In engineering applications, models are especially needed for analysis and design of systems. For instance, advanced technologies for controller design, optimization, supervision and surveillance, fault detection and so on are based on models of the systems.

From a viewpoint, models could be divided into three groups: white box, black box and gray box.

Our idea is related to black box modeling. Black box models rely on experimental data and need no a-priori knowledge. The parameters and the structure of the model may have no relation with the actual structure of the system.

It is well-known that a model is always an approximation of the system`s real relationships and its response does not always correspond to the real responses of the system. This is more sensible in black-box models.

Actually, we cannot test the correctness of the model`s responses for all inputs. All efforts are performed to increase the probability of proper performance of the model. It is well-known that the proper performance of a model is dependent on the model structure and the data used to tune the model parameters. The richness of the training data to represent the system appropriately enhances the accuracy of the model.

One of the factors which influence the richness of the data is the number of the data points. However, in real-world problems, there are limitations on the increment of the number of data points. Acquiring data from many systems and processes requires lots of time and cost which are serious limits on increasing the number of data points. For instance, one can point to modeling the mechanical characteristics of an alloy in terms of its ingredients (Datta and Banerjee, 2006), estimation of the amount of mineral reservoirs (Tercan and Karayigit, 2001), modeling the dying properties of materials in the textile industry (Senthilkumar, 2006; Daneshvar et al., 2006; Keong et al., 2004; Dai et al., 2004; Hebbar et al., 2006; Khamis et al., 2006; Elkamel, 1998; Turkoglu et al., 1999).

Sometimes, it is necessary to model the system with an available set of data. This is not of interest of in this study. The idea is to obtain the proper set of data, which represents the system, appropriately.

Suppose, that the limitations permit us just to obtain M data points. We can obtain the data points with the following methods:

Selection of M data points in the domain of interest randomly
Griding each dimension of the input
Griding each dimension of the inputs and selecting the data randomly in each interval

The problem with all the above three methods is the batch nature of acquiring the data and there is no intelligence in obtaining them. On the other hand, it seems that when the data points are bring extracted, our knowledge of the system behavior increases and we could better judge the nature of the system.

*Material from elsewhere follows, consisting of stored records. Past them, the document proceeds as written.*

lemma depth_UN:
  assumes "finite I" "I \<noteq> {}" and dep: "\<And>i. i \<in> I \<Longrightarrow> depth (VP i) (A i) (k i)"
  shows "depth (\<Union>i\<in>I. VP i) (\<Union>i\<in>I. A i) (Max (k ` I))"
  unfolding depth_def
proof (intro conjI allI impI)
  have "Max (k ` I) \<in> k ` I" using assms(1,2) by (intro Max_in) auto
  then obtain i where i: "i \<in> I" "k i = Max (k ` I)" by auto
  obtain xs where xs: "dpath (A i) xs" "set xs \<subseteq> VP i" "length xs = k i"
    using dep[OF i(1)] unfolding depth_def by blast
  have "dpath (\<Union>i\<in>I. A i) xs" using xs(1) by (rule dpath_mono[rotated]) (use i in blast)
  moreover have "set xs \<subseteq> (\<Union>i\<in>I. VP i)" using xs(2) i by blast
  ultimately show "\<exists>xs. dpath (\<Union>i\<in>I. A i) xs \<and> set xs \<subseteq> (\<Union>i\<in>I. VP i) \<and> length xs = Max (k ` I)"
    using xs(3) i(2) by (intro exI[of _ xs]) simp
next
  fix xs assume xs: "dpath (\<Union>i\<in>I. A i) xs \<and> set xs \<subseteq> (\<Union>i\<in>I. VP i)"
  then obtain i where i: "i \<in> I" "hd xs \<in> VP i"
    using dpath_imp_nonempty hd_in_set by blast
  then have "length xs \<le> k i" using xs dpath_UN_confined dep unfolding depth_def by blast
  also have "k i \<le> Max (k ` I)" using assms(1) i by simp
  finally show "length xs \<le> Max (k ` I)" .
qed

end

lemma valid_decomp_UN:
  assumes "finite I"
    and val: "\<And>i. i \<in> I \<Longrightarrow> valid_decomp (Vs i) (restr E (Vs i)) (VP i) (A i) org"
    and disj: "disjoint_family_on VP I"
    and closed: "\<And>i x u. i \<in> I \<Longrightarrow> x \<in> Vs i \<Longrightarrow> (x, u) \<in> E \<Longrightarrow> u \<in> Vs i"
  shows "valid_decomp (\<Union>i\<in>I. Vs i) E (\<Union>i\<in>I. VP i) (\<Union>i\<in>I. A i) org"
  unfolding valid_decomp_iff_arc_ok
proof (intro conjI ballI allI impI)
  have dag: "dag (VP i) (A i)" if "i \<in> I" for i using val[OF that] by (simp add: valid_decomp_def)
  then have arcs: "A i \<subseteq> VP i \<times> VP i" if "i \<in> I" for i using that by (simp add: dag_def)
  show "dag (\<Union>i\<in>I. VP i) (\<Union>i\<in>I. A i)"
    using dag acyclic_UN[OF arcs disj] \<open>finite I\<close> arcs unfolding dag_def by blast
  show "org ` (\<Union>i\<in>I. VP i) = (\<Union>i\<in>I. Vs i)"
    using val by (simp add: valid_decomp_def image_UN)
  fix v' u assume "v' \<in> (\<Union>i\<in>I. VP i)" and e: "(org v', u) \<in> E"
  then obtain i where i: "i \<in> I" "v' \<in> VP i" by blast
  with val have "org v' \<in> Vs i" by (auto simp: valid_decomp_def)
  with closed i e have "(org v', u) \<in> restr E (Vs i)" by (auto simp: restr_def)
  with val i have "arc_ok (VP i) (A i) org v' u" by (auto simp: valid_decomp_iff_arc_ok)
  then show "arc_ok (\<Union>i\<in>I. VP i) (\<Union>i\<in>I. A i) org v' u"
    using arc_ok_UN[OF arcs disj, of i v' org u] i by blast
qed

The idea is using such kind of knowledge to enrich the procedure of data extraction to do this, inspired by the honey-bee algorithm (Seifipour and Menhaj, 2001), we have designed a method which analyzes the available data set and selects the best data point appropriately.

THE PROPOSED ALGORITHM

At the first step, we determine the number of the needed data points (M) according to the existing constraints (for example costs, time and so on). Then, we obtain a number of the data (N) according to the grid method to initialize the algorithm. Inspired by the honey bee algorithm, one of the data points should be selected as queen. The new data will be generated around the queen. To do this, we need a fitness function to choose the queen. It seems that the data in which the gradient is maximum is a suitable candidate. On the other hand, those part of the input space in which the number and density of data are less should be considered for data extraction. According to this, we selected the following fitness function:

(1)

Fig. 1: Neighbor selection algorithm`s flowchart

In which (xi, f(xi)) is the data point whose fitness is to be evaluated. H is the number of the data in xi`s neighborhood, f is the unknown function to be modeled and dj is the Euclidean distance between xi and its jth neighbor xj. The method of determination of a neighbor for each point in the input space is shown in Fig. 1.

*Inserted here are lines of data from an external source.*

(* Let $\mathcal{L}(X,\phi)$ be smooth on $(0,\infty)\times I$ ($I$ an open interval) with $\mathcal{L}_X\neq0$ and $\mathcal{L}_X+2X\mathcal{L}_{XX}\neq 0$. Define $$c_{\rm s}^2=\frac{\mathcal{L}_X}{\mathcal{L}_X+2X\mathcal{L}_{XX}},\qquad \tau=\mathcal{L}_\phi-\frac{2X\mathcal{L}_X\mathcal{L}_{X\phi}-\mathcal{L}_X\mathcal{L}_\phi}{\mathcal{L}_X+2X\mathcal{L}_{XX}}.$$ Then (a) $\tau=\left.\partial p/\partial\phi\right|_{\rho}$, i.e. $\tau=p_\phi-p_X\rho_\phi/\rho_X$ where $p=\mathcal{L}$, $\rho=2X\mathcal{L}_X-\mathcal{L}$; (b) $\tau\equiv 0$ on the domain if and only if $\left(\dfrac{\mathcal{L}_\phi}{X\mathcal{L}_X}\right)_X\equiv 0$; and (c) $\tau\equiv0$ if and only if there exist smooth functions $f$ on $I$ and $G$ on $(0,\infty)$ with $\mathcal{L}(X,\phi)=G(e^{-2f(\phi)}X)$, i.e. the Lagrangian can be brought to purely kinetic form by the field redefinition $\tilde\phi_{,\mu}=e^{-f(\phi)}\phi_{,\mu}$.
   Context: $X=\tfrac12 g^{\mu\nu}\phi_{,\mu}\phi_{,\nu}$ is the kinetic term of the scalar field $\phi$; subscripts $X,\phi$ denote partial derivatives. $c_{\rm s}^2=p_X/\rho_X$ is the adiabatic speed of sound (derivative of $p$ with respect to $\rho$ at fixed $\phi$), and $\tau$ is the coefficient of the entropy-per-particle perturbation in the evolution equation of the gravitational potential; $\tau=0$ corresponds to adiabatic perturbations. *)

theory Defs
  imports "HOL-Analysis.Analysis"
begin

definition pdX :: "(real \<Rightarrow> real \<Rightarrow> real) \<Rightarrow> real \<Rightarrow> real \<Rightarrow> real" where
  "pdX L = (\<lambda>X ph. deriv (\<lambda>x. L x ph) X)"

It is notable that we could consider any other criterion and constraint in data selection in the fitness function. Although it is considered in the fitness function, the data could be avoided from being very dense in some regions of the input space by a tabu list. After the selection of the queen, according to the relative fitness function, the best individual is selected from its neighborhood as its mate. Considering the fact that the neighboring data (xi, f(xi)) which has the most distant f(xi) from the queen is a suitable candidate to breed the queen, we consider:

(2)

In which xi is the point of which the relative fitness function is to be calculated. Q is the queen and dj is the Euclidian distance between xj and q. the offspring is created by the crossover of the queen and its mate. The crossover could be performed by many methods. We used the arithmetical mean as the crossover operator.

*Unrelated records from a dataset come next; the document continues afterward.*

(* Let $\rho>0$, $\sigma^2>0$, $M_R\le M_T$, let $\mathbf g\in\mathbb C^{M_R}$, $\mathbf h\in\mathbb C^{M_T}$ have unit-modulus entries, $\mathbf H=\mathbf g\mathbf h^T$, $\mathrm{vec}(\mathbf\Phi)\sim\mathcal N(\mathbf 0,\sigma^2\mathbf I_{M_TM_R})$ real, $\hat{\mathbf H}=\mathbf H\circ(\mathbf 1+j\mathbf\Phi)$ and $\hat C=\mathbb E\{\log_2\det(\mathbf I_{M_R}+\frac{\rho}{M_T}\hat{\mathbf H}\hat{\mathbf H}^H)\}$. Then $$\hat C\le\log_2\Big(1+\sum_{n=1}^{M_R}\Big(\frac{\rho}{M_T}\Big)^n(\sigma^2)^n\binom{M_R}{n}\binom{M_T}{n}n!\Big(1+\frac{n}{\sigma^2}\Big)\Big).$$
   Context: $\circ$ is the Hadamard product and $\mathbf 1$ the all-ones $M_R\times M_T$ matrix. *)

theory Defs
  imports "HOL-Probability.Probability" "Jordan_Normal_Form.Determinant"
begin

definition Hhat :: "nat \<Rightarrow> nat \<Rightarrow> (nat \<Rightarrow> complex) \<Rightarrow> (nat \<Rightarrow> complex)
    \<Rightarrow> (nat \<times> nat \<Rightarrow> real) \<Rightarrow> complex mat" where
  "Hhat MR MT g h Phi = mat MR MT (\<lambda>(i,j). (g i * h j) * (1 + \<i> * complex_of_real (Phi (i,j))))"

definition herm :: "complex mat \<Rightarrow> complex mat" where
  "herm A = mat (dim_col A) (dim_row A) (\<lambda>(i,j). cnj (A $$ (j,i)))"

definition Phi_dist :: "real \<Rightarrow> nat \<Rightarrow> nat \<Rightarrow> (nat \<times> nat \<Rightarrow> real) measure" where
  "Phi_dist s2 MR MT = PiM ({0..<MR} \<times> {0..<MT}) (\<lambda>_. density lborel (normal_density 0 (sqrt s2)))"

text \<open>Capacity log2 det(I + rho/MT Hhat Hhat^H); the determinant is real, we take its real part.\<close>
definition cap_integrand :: "real \<Rightarrow> nat \<Rightarrow> nat \<Rightarrow> (nat \<Rightarrow> complex) \<Rightarrow> (nat \<Rightarrow> complex)
    \<Rightarrow> (nat \<times> nat \<Rightarrow> real) \<Rightarrow> real" where
  "cap_integrand rho MR MT g h Phi =
     log 2 (Re (det (1\<^sub>m MR + complex_of_real (rho / real MT) \<cdot>\<^sub>m
                      (Hhat MR MT g h Phi * herm (Hhat MR MT g h Phi)))))"

end

theory Submission
  imports Defs "Jordan_Normal_Form.Char_Poly"
begin

(* Write Hhat = H o (1 + j Phi) and P(Phi) = I + c Hhat Hhat^H with c = rho / M_T.
   The proof computes E[det P] in closed form and then applies Jensen's inequality
   to the concave function log2, using det P >= 1:

     1. Leibniz expansion (perm_det): det P is a sum over row subsets V and
        permutations p of V of products of Gram entries; expanding the Gram products
        gives a sum over label maps f : V -> {0..<M_T}.
     2. In each product the unit-modulus phases of g and h cancel, leaving a product
        of the Gaussian noise factors 1 + j Phi(r,l).
     3. The rows of Phi are independent, and for two entries x, y of one row
        E[(1 + j x)(1 - j y)] is 1 + sigma^2 if they are the same entry and 1
        otherwise. So the expectation of each product is a "label kernel" that
        only depends on which labels coincide.
     4. A signed permutation sum of this kernel vanishes unless f is injective, and
        equals s^k + k s^(k-1) otherwise; counting subsets and injections gives
        E[det P] = sum_k C(M_R,k) c^k C(M_T,k) k! (s^k + k s^(k-1)).
     5. All eigenvalues of P are real and >= 1, hence det P >= 1, which makes
        log2 det P integrable and Jensen applicable. *)

(* Working with arbitrary index sets lets us pass to
   principal minors (subsets V of U) without renumbering. *)
definition perm_det :: "'a set \<Rightarrow> ('a \<Rightarrow> 'a \<Rightarrow> 'b::comm_ring_1) \<Rightarrow> 'b" where
  "perm_det U W = (\<Sum>p | p permutes U. of_int (sign p) * (\<Prod>j\<in>U. W j (p j)))"

lemma perm_det_equal_rows:
  fixes W :: "'a \<Rightarrow> 'a \<Rightarrow> 'b::field_char_0"
  assumes U: "finite U" and ab: "a \<in> U" "b \<in> U" "a \<noteq> b" and rows: "W a = W b"
  shows "perm_det U W = 0"
proof -
  let ?t = "Transposition.transpose a b"
  let ?f = "\<lambda>p. of_int (sign p) * (\<Prod>j\<in>U. W j (p j)) :: 'b"
  have t: "?t permutes U" using ab by (intro permutes_swap_id)
  have "perm_det U W = (\<Sum>p | p permutes U. ?f (p \<circ> ?t))"
    unfolding perm_det_def by (rule sum_permutations_compose_right[OF t])
  also have "\<dots> = (\<Sum>p | p permutes U. - ?f p)"
  proof (rule sum.cong[OF refl])
    fix p assume "p \<in> {p. p permutes U}"
    then have p: "p permutes U" by simp
    have sign: "sign (p \<circ> ?t) = - sign p"
      using p t U ab by (simp add: sign_compose permutes_imp_permutation sign_swap_id)
    have "(\<Prod>j\<in>U. W j ((p \<circ> ?t) j)) = (\<Prod>j\<in>U. W (?t j) (p j))"
      using prod.permute[OF t, of "\<lambda>j. W j ((p \<circ> ?t) j)"] by (simp add: o_def)
    also have "\<dots> = (\<Prod>j\<in>U. W j (p j))"
    proof (rule prod.cong[OF refl])
      fix j
      have "W (?t j) = W j" using rows by (cases "j = a"; cases "j = b") auto
      then show "W (?t j) (p j) = W j (p j)" by simp
    qed
    finally show "?f (p \<circ> ?t) = - ?f p" using sign by simp
  qed
  also have "\<dots> = - perm_det U W" by (simp add: perm_det_def sum_negf)
  finally show ?thesis by simp
qed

Fig. 2: Flowchart of the proposed algorithm

This algorithm continues until the remainder M-N data points are generated. Figure 2 shows the flowchart of the proposed algorithm.

SIMULATION RESULT

To verify the algorithm, we extracted some data points to approximate the functions of Table 1 and 2. We employed four methods: random, grid, grid-random and the proposed method. On the other hand, from each function, we obtained a huge bulk of test data points (100 M) to examine the ability of the methods in providing rich data.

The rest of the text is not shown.